Principal Investigator Michael Birnbaum
Project Website http://birnbaum-lab.mit.edu/
The Birnbaum group studies immune receptor recognition and function in cancer, autoimmunity, and infectious disease. We combine protein engineering, structural biology, and immunology to understand and then manipulate immune responses.
The immune system is tasked with recognizing and eliminating infected or cancerous cells. To do this, it leverages the vast molecular diversity of the T and B cell receptor repertoires to ensure any immune response is antigen-specific and does not lead to autoimmunity.

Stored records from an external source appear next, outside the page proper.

(* Let $d\ge2$ and let $P$ be an essential pattern subgroup of $G(d)$ with $P(d-1)=G(d-1)$. Then $P$ contains $[a_1,a_{d-1}]$ and does not contain $[a_0,a_{d-1}]$ if and only if $[G(d):P]=4$.
   Context: Let $X=\{0,1\}$, $G(d)$ the automorphism group of the finite binary rooted tree of words of length $\le d$; finite sections $g(wv)=g(w)g_w(v)$; $\pi_k$ restriction to words of length $\le k$, $P(k)=\pi_k(P)$. A subgroup $P\le G(d)$ is an essential pattern group if for every $p\in P$ and $i\in\{0,1\}$ there is $q\in P$ with $\pi_{d-1}(q)=p_i$. For $0\le i\le d-1$, $a_i\in G(d)$ swaps $0^i0w$ with $0^i1w$ for all words $w$ and fixes all other words. $[h,k]=h^{-1}k^{-1}hk$. *)

theory Defs
  imports "HOL-Algebra.Algebra"
begin

text \<open>Vertices of the binary rooted tree: words over X = {0,1}, encoded as bool lists
  (False = 0, True = 1). An automorphism of the tree of words of length at most d is a
  bijection of words that preserves length and prefixes on words of length at most d;
  we normalise it to be the identity on longer words.\<close>

definition tree_aut :: "nat \<Rightarrow> (bool list \<Rightarrow> bool list) \<Rightarrow> bool" where
  "tree_aut d f \<longleftrightarrow> bij f \<and> (\<forall>w. length (f w) = length w)
     \<and> (\<forall>w. d < length w \<longrightarrow> f w = w)
     \<and> (\<forall>w v. length (w @ v) \<le> d \<longrightarrow> take (length w) (f (w @ v)) = f w)"

definition G :: "nat \<Rightarrow> (bool list \<Rightarrow> bool list) monoid" where
  "G d = \<lparr>carrier = {f. tree_aut d f}, monoid.mult = (\<lambda>f g. f \<circ> g), one = id\<rparr>"

definition restr :: "nat \<Rightarrow> (bool list \<Rightarrow> bool list) \<Rightarrow> (bool list \<Rightarrow> bool list)" where
  "restr k g = (\<lambda>w. if length w \<le> k then g w else w)"

text \<open>Section g_w of g in G(d) at the word w (an element of G(d - |w|)):
  g(wv) = g(w) g_w(v).\<close>
definition sect :: "nat \<Rightarrow> (bool list \<Rightarrow> bool list) \<Rightarrow> bool list \<Rightarrow> (bool list \<Rightarrow> bool list)" where
  "sect d g w = (\<lambda>v. if length v \<le> d - length w then drop (length w) (g (w @ v)) else v)"

definition essential_pattern :: "nat \<Rightarrow> (bool list \<Rightarrow> bool list) set \<Rightarrow> bool" where
  "essential_pattern d P \<longleftrightarrow> subgroup P (G d) \<and>
     (\<forall>p\<in>P. \<forall>i::bool. \<exists>q\<in>P. restr (d - 1) q = sect d p [i])"

definition a :: "nat \<Rightarrow> nat \<Rightarrow> (bool list \<Rightarrow> bool list)" where
  "a d i = (\<lambda>w. if i < length w \<and> length w \<le> d \<and> take i w = replicate i False
               then take i w @ [\<not> w ! i] @ drop (Suc i) w else w)"

definition comm :: "nat \<Rightarrow> (bool list \<Rightarrow> bool list) \<Rightarrow> (bool list \<Rightarrow> bool list) \<Rightarrow> (bool list \<Rightarrow> bool list)" where
  "comm d h k = inv\<^bsub>G d\<^esub> h \<otimes>\<^bsub>G d\<^esub> inv\<^bsub>G d\<^esub> k \<otimes>\<^bsub>G d\<^esub> h \<otimes>\<^bsub>G d\<^esub> k"

definition tree_index :: "nat \<Rightarrow> (bool list \<Rightarrow> bool list) set \<Rightarrow> nat" where
  "tree_index d P = card (rcosets\<^bsub>G d\<^esub> P)"

end

theory Submission
  imports Defs
begin

text \<open>
  Write \<open>n = d - 1\<close>. Since \<open>P\<close> maps onto \<open>G(n)\<close>, every coset of \<open>P\<close> contains an element of
  the kernel of the restriction, i.e. a map flipping the last letter below a set \<open>S\<close> of words of
  length \<open>n\<close>; the cosets of the flips below \<open>S\<close> and \<open>T\<close> coincide iff the flip below their
  symmetric difference lies in \<open>P\<close>. Conjugating by lifts to \<open>P\<close> of elements of \<open>G(n)\<close> shows that
  whether the flip below a pair \<open>{u, v}\<close> lies in \<open>P\<close> depends only on the first position where
  \<open>u\<close> and \<open>v\<close> differ, and that no flip below a single word lies in \<open>P\<close> unless all pair flips do.
  Now \<open>[a\<^sub>0, a\<^sub>n]\<close> and \<open>[a\<^sub>1, a\<^sub>n]\<close> are the flips below pairs first differing at positions
  0 and 1. If the former lies in \<open>P\<close>, so does every pair flip, and the index is at most 2. If only
  the latter does, the cosets are exactly those of the flips below the subsets of
  \<open>{00\<dots>0, 10\<dots>0}\<close>, four of them. If neither does, the empty set and four words \<open>u, v, u', v'\<close>,
  with \<open>u, v\<close> in one half tree and \<open>u', v'\<close> their mirror images in the other, give five cosets.
\<close>

section \<open>The group of tree automorphisms\<close>

lemma carrier_G: "f \<in> carrier (G d) \<longleftrightarrow> tree_aut d f"
  by (simp add: G_def)

lemma mult_G [simp]: "f \<otimes>\<^bsub>G d\<^esub> g = f \<circ> g"
  by (simp add: G_def)

lemma one_G [simp]: "\<one>\<^bsub>G d\<^esub> = id"
  by (simp add: G_def)

lemma tree_aut_length: "tree_aut d f \<Longrightarrow> length (f w) = length w"
  by (simp add: tree_aut_def)

lemma tree_aut_deep: "tree_aut d f \<Longrightarrow> d < length w \<Longrightarrow> f w = w"
  by (simp add: tree_aut_def)

lemma tree_aut_take:
  "tree_aut d f \<Longrightarrow> length (w @ v) \<le> d \<Longrightarrow> take (length w) (f (w @ v)) = f w"
  by (simp add: tree_aut_def)

lemma tree_aut_bij: "tree_aut d f \<Longrightarrow> bij f"
  by (simp add: tree_aut_def)

lemma tree_aut_append:
  assumes "tree_aut d f" "length (w @ v) \<le> d"
  shows "f (w @ v) = f w @ drop (length w) (f (w @ v))"
  by (metis append_take_drop_id assms tree_aut_take)

lemma tree_aut_id: "tree_aut d id"
  by (simp add: tree_aut_def)

lemma tree_aut_comp:
  assumes f: "tree_aut d f" and g: "tree_aut d g"
  shows "tree_aut d (f \<circ> g)"
  unfolding tree_aut_def
proof (intro conjI allI impI)
  show "bij (f \<circ> g)" using f g tree_aut_bij bij_comp by blast
  fix w :: "bool list"
  show "length ((f \<circ> g) w) = length w" using f g by (simp add: tree_aut_length)
  show "d < length w \<Longrightarrow> (f \<circ> g) w = w" using f g by (simp add: tree_aut_deep)
  fix v assume l: "length (w @ v) \<le> d"
  have e: "g (w @ v) = g w @ drop (length w) (g (w @ v))" using tree_aut_append[OF g l] .
  have "length (g w @ drop (length w) (g (w @ v))) \<le> d" using l e tree_aut_length[OF g] by metis
  then have "take (length (g w)) (f (g w @ drop (length w) (g (w @ v)))) = f (g w)"
    using tree_aut_take[OF f] by blast
  then show "take (length w) ((f \<circ> g) (w @ v)) = (f \<circ> g) w"
    using e tree_aut_length[OF g] by simp
qed

lemma tree_aut_inv_into:
  assumes f: "tree_aut d f"
  shows "tree_aut d (inv_into UNIV f)"
  unfolding tree_aut_def
proof (intro conjI allI impI)
  have b: "bij f" using tree_aut_bij[OF f] .
  show "bij (inv_into UNIV f)" using b bij_imp_bij_inv by blast
  have fi: "\<And>w. f (inv_into UNIV f w) = w" using b by (meson bij_inv_eq_iff)
  have inv_f: "\<And>w. inv_into UNIV f (f w) = w" using b by (simp add: bij_def)
  show len: "\<And>w. length (inv_into UNIV f w) = length w" using fi tree_aut_length[OF f] by metis
  fix w :: "bool list"
  show "d < length w \<Longrightarrow> inv_into UNIV f w = w" using inv_f tree_aut_deep[OF f] by metis
  fix v assume lv: "length (w @ v) \<le> d"
  define u where "u = inv_into UNIV f (w @ v)"
  have lu: "length u = length (w @ v)" using len u_def by simp
  have "f u = w @ v" using fi u_def by simp
  moreover have "u = take (length w) u @ drop (length w) u" by simp
  ultimately have "take (length w) (w @ v) = f (take (length w) u)"
    using tree_aut_take[OF f, of "take (length w) u" "drop (length w) u"] lu lv
    by (metis append_eq_conv_conj length_take lu)
  then have "f (take (length w) u) = w" by simp
  then show "take (length w) (inv_into UNIV f (w @ v)) = inv_into UNIV f w"
    using inv_f u_def by metis
qed

lemma group_G: "group (G d)"
proof (rule groupI)
  fix x assume "x \<in> carrier (G d)"
  then have x: "tree_aut d x" by (simp add: carrier_G)
  have "inv_into UNIV x \<circ> x = id" using tree_aut_bij[OF x] by (simp add: bij_def)
  then show "\<exists>y\<in>carrier (G d). y \<otimes>\<^bsub>G d\<^esub> x = \<one>\<^bsub>G d\<^esub>"
    using tree_aut_inv_into[OF x] by (auto simp: carrier_G)
qed (auto simp: carrier_G tree_aut_comp tree_aut_id comp_assoc)

lemma inv_G:
  assumes "tree_aut d f"
  shows "inv\<^bsub>G d\<^esub> f = inv_into UNIV f"
proof -
  have "inv_into UNIV f \<circ> f = id" using tree_aut_bij[OF assms] by (simp add: bij_def)
  then show ?thesis
    using group.inv_equality[OF group_G] assms tree_aut_inv_into[OF assms] by (simp add: carrier_G)
qed

lemma inv_G_involution: "tree_aut d f \<Longrightarrow> f \<circ> f = id \<Longrightarrow> inv\<^bsub>G d\<^esub> f = f"
  using group.inv_equality[OF group_G, where x = f and y = f] by (simp add: carrier_G)

lemma comm_self:
  assumes h: "tree_aut d h"
  shows "comm d h h = id"
proof -
  have cancel: "inv_into UNIV h \<circ> h = id" using tree_aut_bij[OF h] by (simp add: bij_def)
  have "comm d h h = inv_into UNIV h \<circ> (inv_into UNIV h \<circ> h) \<circ> h"
    by (simp add: comm_def inv_G[OF h] comp_assoc)
  then show ?thesis by (simp add: cancel)
qed

lemma tree_aut_restr:
  assumes f: "tree_aut (Suc n) f"
  shows "tree_aut n (restr n f)"
  unfolding tree_aut_def
proof (intro conjI allI impI)
  have b: "bij f" using tree_aut_bij[OF f] .
  have fi: "\<And>w. f (inv_into UNIV f w) = w" using b by (meson bij_inv_eq_iff)
  have li: "\<And>w. length (inv_into UNIV f w) = length w" using fi tree_aut_length[OF f] by metis
  have "restr n f \<circ> restr n (inv_into UNIV f) = id"
    by (rule ext) (simp add: restr_def li fi)
  moreover have "restr n (inv_into UNIV f) \<circ> restr n f = id"
    using b by (intro ext) (simp add: restr_def tree_aut_length[OF f] bij_def)
  ultimately show "bij (restr n f)" using o_bij by blast
  fix w :: "bool list"
  show "length (restr n f w) = length w" by (simp add: restr_def tree_aut_length[OF f])
  show "n < length w \<Longrightarrow> restr n f w = w" by (simp add: restr_def)
  fix v assume "length (w @ v) \<le> n"
  then show "take (length w) (restr n f (w @ v)) = restr n f w"
    using tree_aut_take[OF f, of w v] by (simp add: restr_def)
qed

section \<open>Flips of the last letter\<close>

definition flip :: "nat \<Rightarrow> bool list set \<Rightarrow> bool list \<Rightarrow> bool list" where
  "flip n S w = (if length w = Suc n \<and> butlast w \<in> S then butlast w @ [\<not> last w] else w)"

lemma flip_comp: "flip n S \<circ> flip n T = flip n (sym_diff S T)"
proof (rule ext)
  fix w :: "bool list"
  show "(flip n S \<circ> flip n T) w = flip n (sym_diff S T) w"
    by (cases w rule: rev_cases) (auto simp: flip_def)
qed

lemma flip_empty: "flip n {} = id"
  by (rule ext) (simp add: flip_def)

lemma flip_involution: "flip n S \<circ> flip n S = id"
  by (simp add: flip_comp flip_empty)
lemma walk_reverse:
  assumes xm: "x \<in> linked"
  shows "i \<le> walk_length x \<Longrightarrow> walk (partner x) i = walk x (walk_length x - i)"
proof (induction i)
  case 0 then show ?case by (simp add: partner_def)
next
  case (Suc i)
  define j where "j = walk_length x - Suc i"
  have cj: "continues x j" using walk_length_props(1) xm Suc.prems unfolding linked_def j_def by auto
  have "even j = even i" using linked_odd_length[OF xm] Suc.prems j_def by (auto simp: even_diff_nat)
  then have "walk (partner x) (Suc i) = pair_step j (walk x (Suc j))"
    using Suc pair_step_parity[of j i] j_def by (simp add: Suc_diff_Suc)
  also have "\<dots> = walk x j" using continues_step[OF cj] by simp
  finally show ?case using j_def by simp
qed

lemma linked_pairing:
  assumes xm: "x \<in> linked"
  shows "partner x \<in> linked \<and> partner (partner x) = x \<and> tp (partner x) \<noteq> tp x"
proof -
  have x: "x \<in> V - V'" and pos: "0 < walk_length x" and end_out: "walk x (walk_length x) \<notin> V'"
    using xm linked_def by auto
  define n where "n = walk_length x"
  define y where "y = partner x"
  have cont: "\<forall>i<n. continues x i" using walk_length_props(1)[OF x] n_def by simp
  have rev: "\<And>i. i \<le> n \<Longrightarrow> walk y i = walk x (n - i)" using walk_reverse[OF xm] y_def n_def by simp
  have cont_y: "\<forall>i<n. continues y i"
  proof (intro allI impI)
    fix i assume i: "i < n"
    define j where "j = n - Suc i"
    have "even j = even i" using linked_odd_length[OF xm] i j_def n_def by (auto simp: even_diff_nat)
    moreover have "walk y i = walk x (Suc j)" using rev[of i] i j_def by (simp add: Suc_diff_Suc)
    moreover have "walk x (Suc j) \<in> pair_dom j" using continues_step[of x j] cont j_def i by simp
    moreover have "i = 0 \<or> walk x (Suc j) \<in> V'"
    proof (cases "i = 0")
      case False
      then have "Suc j < n" using i j_def by simp
      then show ?thesis using cont unfolding continues_def by auto
    qed simp
    ultimately show "continues y i" unfolding continues_def pair_dom_def by auto
  qed
  have "\<not> continues y n" using rev[of n] x pos n_def unfolding continues_def by simp
  then have len_y: "walk_length y = n" using walk_length_eqI[OF cont_y] by simp
  have "y \<in> V - V'" using walk_in_V[OF _ cont] x end_out y_def partner_def n_def by simp
  moreover have "partner y = x" using rev[of n] len_y partner_def by simp
  moreover have "tp y \<noteq> tp x" using walk_type[OF cont] linked_odd_length[OF xm] y_def partner_def n_def by simp
  ultimately show ?thesis using len_y pos x y_def n_def unfolding linked_def partner_def by auto
qed

lemma pairing_constraints_compose:
  "\<exists>M N Of Fx. pairing tp (V - V') M N \<and>
     (\<forall>w. pairing_constraints d V M1 N1 O1 F1 w \<and> pairing_constraints d V' M2 N2 O2 F2 w
          \<longrightarrow> pairing_constraints d (V - V') M N Of Fx w)"
proof (intro exI conjI allI impI)
  show "pairing tp (V - V') linked partner" unfolding pairing_def using linked_pairing by (auto simp: linked_def)
  fix w assume "pairing_constraints d V M1 N1 O1 F1 w \<and> pairing_constraints d V' M2 N2 O2 F2 w"
  then have s1: "pairing_constraints d V M1 N1 O1 F1 w" and s2: "pairing_constraints d V' M2 N2 O2 F2 w"
    by auto
  let ?Of = "\<lambda>x. offset O1 O2 x (walk_length x)"
  let ?Fx = "\<lambda>x. (if even (walk_length x) then F1 else F2) (walk x (walk_length x)) - offset O1 O2 x (walk_length x)"
  show "pairing_constraints d (V - V') linked partner ?Of ?Fx w"
    unfolding pairing_constraints_def
  proof (intro conjI ballI)
    fix x assume "x \<in> linked"
    then show "int d dvd (w (partner x) - w x - ?Of x)"
      using walk_congruence[OF s1 s2 walk_length_props(1)] partner_def linked_def by simp
  next
    fix x assume x3: "x \<in> V - V' - linked"
    define n where "n = walk_length x"
    have cont: "\<forall>i<n. continues x i" and stop: "\<not> continues x n" using walk_length_props x3 n_def by auto
    have "n = 0 \<or> walk x n \<in> V'" using x3 n_def unfolding linked_def by auto
    moreover have "walk x n \<in> V" using walk_in_V[OF _ cont] x3 by simp
    ultimately have "int d dvd (w (walk x n) - (if even n then F1 else F2) (walk x n))"
      using s1 s2 stop unfolding pairing_constraints_def continues_def pair_dom_def
      by (cases "even n") (auto elim: oddE)
    from dvd_diff[OF this walk_congruence[OF s1 s2 cont]]
    show "int d dvd (w x - ?Fx x)" using n_def by (simp add: algebra_simps)
  qed
qed

end

definition injection_constraints ::
    "nat \<Rightarrow> 'a set \<Rightarrow> 'a set \<Rightarrow> ('a \<Rightarrow> 'a) \<Rightarrow> ('a \<Rightarrow> int) \<Rightarrow> ('a \<Rightarrow> int) \<Rightarrow> ('a \<Rightarrow> int) \<Rightarrow> bool" where
  "injection_constraints d T F \<pi> K R w \<longleftrightarrow>
     (\<forall>x\<in>T. int d dvd (w (\<pi> x) - w x - K x)) \<and> (\<forall>y\<in>F - \<pi> ` T. int d dvd (w y - R y))"

lemma pairing_Not: "pairing (\<lambda>x. \<not> tp x) V M N = pairing tp V M N"
  unfolding pairing_def by auto

lemma pairing_of_injection:
  assumes inj: "inj_on \<pi> T" and im: "\<pi> ` T \<subseteq> F" and tpT: "\<forall>x\<in>T. tp x" and tpF: "\<forall>y\<in>F. \<not> tp y"
  shows "\<exists>M N Of Fx. pairing tp (T \<union> F) M N \<and>
     (\<forall>w. injection_constraints d T F \<pi> K R w \<longrightarrow> pairing_constraints d (T \<union> F) M N Of Fx w)"
proof -
  let ?inv = "the_inv_into T \<pi>"
  define N where "N x = (if x \<in> T then \<pi> x else ?inv x)" for x
  define Of where "Of x = (if x \<in> T then K x else - K (?inv x))" for x
  have inv: "\<And>x. x \<in> T \<Longrightarrow> ?inv (\<pi> x) = x" using the_inv_into_f_f[OF inj] by simp
  have disj: "T \<inter> F = {}" using tpT tpF by auto
  have "pairing tp (T \<union> F) (T \<union> \<pi> ` T) N"
    unfolding pairing_def N_def using im inv disj tpT tpF by auto
  moreover have "pairing_constraints d (T \<union> F) (T \<union> \<pi> ` T) N Of R w"
    if "injection_constraints d T F \<pi> K R w" for w
  proof -
    have "int d dvd - (w (\<pi> x) - w x - K x)" if "x \<in> T" for x
      using \<open>injection_constraints d T F \<pi> K R w\<close> that
      unfolding injection_constraints_def dvd_minus_iff by blast
    then show ?thesis using that disj inv unfolding pairing_constraints_def injection_constraints_def
      by (auto simp: N_def Of_def algebra_simps)
  qed
  ultimately show ?thesis by blast
qed
definition path_list :: "nat \<Rightarrow> nat list" where
  "path_list j = [[0,6,3,6], [0,6,3,6,1,6,2,5,6,1,6,3,6], [0,6,3,6,1,6,2,5,6,2,4,6],
                  [0,6,3,6,1,6,3,6], [0,6,4,5,6,2,4,6], [0,6,4,5,6,2,5,6,1,6,3,6],
                  [0,6,4,6]] ! j"

text \<open>p(j,t): the (t+1)-th entry of the list for j.\<close>
definition pth :: "nat \<Rightarrow> nat \<Rightarrow> nat" where
  "pth j t = path_list j ! t"

definition digit :: "nat \<times> nat \<Rightarrow> real" where
  "digit s = (\<Sum>t'<snd s. tau (pth (fst s) t'))"

definition forbidden_tails :: "(nat \<times> nat) set" where
  "forbidden_tails = {(1,9), (2,6), (3,2), (4,6), (5,3), (6,1)}"

text \<open>Admissible sequences; sigma k is the (k+1)-th symbol (j_{k+1}, t_{k+1}).\<close>
definition Vseq :: "(nat \<Rightarrow> nat \<times> nat) set" where
  "Vseq = {\<sigma>. (\<forall>k. fst (\<sigma> k) \<le> 6 \<and> snd (\<sigma> k) < nu (fst (\<sigma> k))
                  \<and> fst (\<sigma> k) = pth (fst (\<sigma> (Suc k))) (snd (\<sigma> (Suc k))))
             \<and> \<not> (\<exists>e\<in>forbidden_tails. \<exists>K. \<forall>k\<ge>K. \<sigma> k = e)}"

definition xval :: "(nat \<Rightarrow> nat \<times> nat) \<Rightarrow> real" where
  "xval \<sigma> = (\<Sum>i. digit (\<sigma> i) * omega ^ i)"

definition code :: "real \<Rightarrow> (nat \<Rightarrow> nat \<times> nat)" where
  "code x = (THE \<sigma>. \<sigma> \<in> Vseq \<and> xval \<sigma> = x)"

definition gamma :: "real \<Rightarrow> real" where
  "gamma x = (x - digit (code x 0)) / omega"

end

(*
  The integers in (1 - omega^n) Z[lambda] form an ideal of Z. It contains the norm of 1 - omega^n,
  which is nonzero and is 1 - omega^n times its adjugate, so M_n exists and divides that norm.
  Sending lambda to an integer r is a ring homomorphism Z[lambda] -> Z/(r^3 + r^2 + r - 1) that
  maps omega to r^3. For r = 1 (modulus 2), 1 - omega^n maps to 0; for r = 5 (modulus 154) and
  even n it maps to 1 - 125^n, which is divisible by 14. Hence 2 divides M_n, and 14 does if n is
  even.

  For the periodic points, seven windows with endpoints in (1/2) Z[lambda] partition [0, 1). The
  pieces d(c) + omega [e_j, e_(j+1)) of the symbols c = (j, t) with p(c) = k tile window k. A
  contraction argument places the value of every admissible sequence in the window of its first
  symbol. The excluded tails are exactly the sequences whose value would reach a right endpoint, so
  every x in [0, 1) has a unique code, namely the greedy one. Thus gamma is the greedy map, and a
  point of period n satisfies x = D + omega^n x with D in Z[lambda]. Writing M_n = (1 - omega^n) a
  then gives x M_n = D a in Z[lambda].
*)
theory Submission
  imports Defs "HOL-Number_Theory.Cong" "HOL-Library.Product_Plus"
begin
lemma segment_to_centre_subset:
  assumes "r \<le> \<delta>" "u \<in> E" "norm u < r"
  shows "closed_segment (z + u) z \<subseteq> insert z (sublevel_ball r)"
proof
  fix p assume "p \<in> closed_segment (z + u) z"
  then obtain t where t: "0 \<le> t" "t \<le> 1" and "p = (1 - t) *\<^sub>R (z + u) + t *\<^sub>R z"
    by (auto simp: closed_segment_def)
  then have p: "p = z + (1 - t) *\<^sub>R u"
    by (simp add: algebra_simps)
  have "norm ((1 - t) *\<^sub>R u) < r"
    using t assms(3) mult_left_le_one_le[of "norm u" "1 - t"] by simp
  moreover have "(1 - t) *\<^sub>R u \<in> E"
    using assms(2) subspace_E by (simp add: subspace_scale)
  ultimately show "p \<in> insert z (sublevel_ball r)"
    using add_E_mem_sublevel_ball[OF assms(1)] p by (cases "(1 - t) *\<^sub>R u = 0") auto
qed

lemma descent_path:
  assumes "r \<le> \<delta>" "x \<in> sublevel_ball r"
  obtains \<gamma> where "path \<gamma>" "pathstart \<gamma> = x" "pathfinish \<gamma> = z"
    "path_image \<gamma> \<subseteq> insert z (sublevel_ball r)"
proof -
  obtain u where u: "u \<in> E" "norm u < r" "closed_segment x (z + u) \<subseteq> sublevel_ball r"
    using descent_direction[OF assms] by blast
  show ?thesis
  proof (rule that[of "linepath x (z + u) +++ linepath (z + u) z"])
    show "path_image (linepath x (z + u) +++ linepath (z + u) z) \<subseteq> insert z (sublevel_ball r)"
      using u segment_to_centre_subset[OF assms(1) u(1,2)] by (auto simp: path_image_join)
  qed auto
qed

In Birnbaum's research group, we focus on T and NK cell receptors, which recognize MHC molecules expressed on the surface of almost every cell in the body. Peptides presented by MHC molecules serve as a window into each cell’s proteome, and activate, inhibit or leave their cognate T and NK cells quiescent. While technological advances allowed discovery of T cell receptor or B cell receptor sequences of interest from a given tumor or in response to infection, using that information to determine what peptides these receptors recognize has remained a challenge.
We use protein engineering, combinatorial biology, next generation sequencing, and structural biology to determine what T and NK cell receptors in effective immune responses recognize. Understanding what natural immune responses recognize, and how they signal, will allow us to optimize the responses and create safer, more effective therapies.